First, make a flour mixture made up of two parts plain flour to one part corn flour (or rice flour). Either make a big batch of this or make precisely nine ounces. I made just what I needed, though I think I’ll be making some more pretty soon. Mix in 3 ounces of cold, cubes butter and one of sugar (In other words, a ratio of 3:2:1, so you can actually use any amount you want!). Either use a mixer or the tips of your fingers to rub in the butter, and once the mixture is breadcrumb-like, bring it together and knead briefly to form a dough. It will seem too dry at first, but the heat of your hands will help it. Don’t over work the dough either – you want a crumbly biscuit, not a cookie. Roll out the mixture to your preferred thickness and cut into your preferred shape. Put on a baking tray and scatter with more sugar.

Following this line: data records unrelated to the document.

(* Let $M$ be a loopless binary matroid on an $n$-element ground set $S$, of rank $r$. 1. If the ground set $S$ is colored with exactly $r$ colors (every color being used), then $M$ contains a rainbow colored circuit or a monochromatic cut. 2. If the ground set $S$ is colored with exactly $n-r$ colors (every color being used), then $M$ contains a rainbow colored cut or a monochromatic circuit.
   Context: A coloring of $S$ is a partition of $S$ into nonempty color classes. A subset of $S$ is rainbow colored if no two of its elements have the same color, and monochromatic if all its elements have the same color. A cut of a matroid is an inclusionwise minimal subset of the ground set intersecting every basis (equivalently, a circuit of the dual matroid). A matroid is binary if it is representable over $GF(2)$. *)

theory Defs
  imports Main "HOL-Library.Z2"
begin

definition matroid :: "'a set \<Rightarrow> ('a set \<Rightarrow> bool) \<Rightarrow> bool" where
  "matroid S indep \<longleftrightarrow>
     finite S \<and>
     (\<forall>X. indep X \<longrightarrow> X \<subseteq> S) \<and>
     indep {} \<and>
     (\<forall>X Y. indep X \<and> Y \<subseteq> X \<longrightarrow> indep Y) \<and>
     (\<forall>X Y. indep X \<and> indep Y \<and> card X < card Y \<longrightarrow>
        (\<exists>e\<in>Y - X. indep (insert e X)))"

(* Linear independence over GF(2) of the columns {v e | e \<in> X} of a matrix with
   m rows (entries v e i, i < m); columns are indexed by elements, so repeated
   columns are dependent, exactly as in the column matroid of a matrix. *)
definition gf2_col_indep :: "nat \<Rightarrow> ('a \<Rightarrow> nat \<Rightarrow> bit) \<Rightarrow> 'a set \<Rightarrow> bool" where
  "gf2_col_indep m v X \<longleftrightarrow>
     (\<forall>c :: 'a \<Rightarrow> bit. (\<forall>i<m. (\<Sum>e\<in>X. c e * v e i) = 0) \<longrightarrow> (\<forall>e\<in>X. c e = 0))"

definition binary_matroid :: "'a set \<Rightarrow> ('a set \<Rightarrow> bool) \<Rightarrow> bool" where
  "binary_matroid S indep \<longleftrightarrow> matroid S indep \<and>
     (\<exists>(m::nat) (v :: 'a \<Rightarrow> nat \<Rightarrow> bit). \<forall>X. X \<subseteq> S \<longrightarrow> (indep X \<longleftrightarrow> gf2_col_indep m v X))"

definition is_basis :: "'a set \<Rightarrow> ('a set \<Rightarrow> bool) \<Rightarrow> 'a set \<Rightarrow> bool" where
  "is_basis S indep B \<longleftrightarrow> B \<subseteq> S \<and> indep B \<and> (\<forall>X. B \<subset> X \<and> X \<subseteq> S \<longrightarrow> \<not> indep X)"

definition matroid_rank :: "'a set \<Rightarrow> ('a set \<Rightarrow> bool) \<Rightarrow> nat" where
  "matroid_rank S indep = Max (card ` {X. X \<subseteq> S \<and> indep X})"

definition is_circuit :: "'a set \<Rightarrow> ('a set \<Rightarrow> bool) \<Rightarrow> 'a set \<Rightarrow> bool" where
  "is_circuit S indep C \<longleftrightarrow> C \<subseteq> S \<and> \<not> indep C \<and> (\<forall>D. D \<subset> C \<longrightarrow> indep D)"

definition is_cut :: "'a set \<Rightarrow> ('a set \<Rightarrow> bool) \<Rightarrow> 'a set \<Rightarrow> bool" where
  "is_cut S indep K \<longleftrightarrow> K \<subseteq> S \<and>
     (\<forall>B. is_basis S indep B \<longrightarrow> K \<inter> B \<noteq> {}) \<and>
     (\<forall>K'. K' \<subset> K \<longrightarrow> (\<exists>B. is_basis S indep B \<and> K' \<inter> B = {}))"

definition loopless :: "'a set \<Rightarrow> ('a set \<Rightarrow> bool) \<Rightarrow> bool" where
  "loopless S indep \<longleftrightarrow> (\<forall>e\<in>S. indep {e})"

(* a coloring is given by a colour function col; the colour classes are the nonempty
   fibres of col on S, so the number of colours used is card (col ` S) *)
definition rainbow :: "('a \<Rightarrow> 'c) \<Rightarrow> 'a set \<Rightarrow> bool" where
  "rainbow col X \<longleftrightarrow> inj_on col X"

definition monochromatic :: "('a \<Rightarrow> 'c) \<Rightarrow> 'a set \<Rightarrow> bool" where
  "monochromatic col X \<longleftrightarrow> (\<forall>x\<in>X. \<forall>y\<in>X. col x = col y)"

end

(* Suppose there is no rainbow circuit. A transversal B of the r colour classes is then
   independent of size r, hence a basis, and each e outside B has a fundamental cycle F e,
   supported on e and B, which always contains the element of B of the colour of e.
   If some b in B lies only in fundamental cycles of elements of its own colour, the
   fundamental cocycle of b lies in the colour class of b, which therefore contains a cut.
   Otherwise every e outside B has a successor e' of another colour with F e' passing through
   the element of B of the colour of e. A minimal successor-closed set E is a permutation of
   distinct colours, and then the sum of F e over E is a nonzero cycle supported on the rainbow
   set E + (B - partners of E), which is impossible.
   The second statement is the same argument in the dual matroid: with no rainbow cut, a
   transversal T of the n - r colour classes avoids a basis, so S - T is a basis, and cycles
   and cocycles exchange their roles. *)

theory Submission
  imports Defs
begin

Bake at 180°C until cooked, you must take them out before they stat to colour, so keep an eye out for the merest hint – the timing will depend on the shape and thickness of your shortbreads.

Lee with said shortcake and mangoes

FYI: Traditional Scottish shortbread goes back to around the Twelfth Century, and it is traditional in the Shetland Isles to break a giant shortbread over the head of the bride on the day of the wedding.


#66 Shortbread – 9/10. Wonderful, crumbly and tasty; and this was the first time I’d ever made them. You cannot but shortcakes like this no matter where you go – they are too crumbly and short to be packaged. You’d just end up with a packet of dust.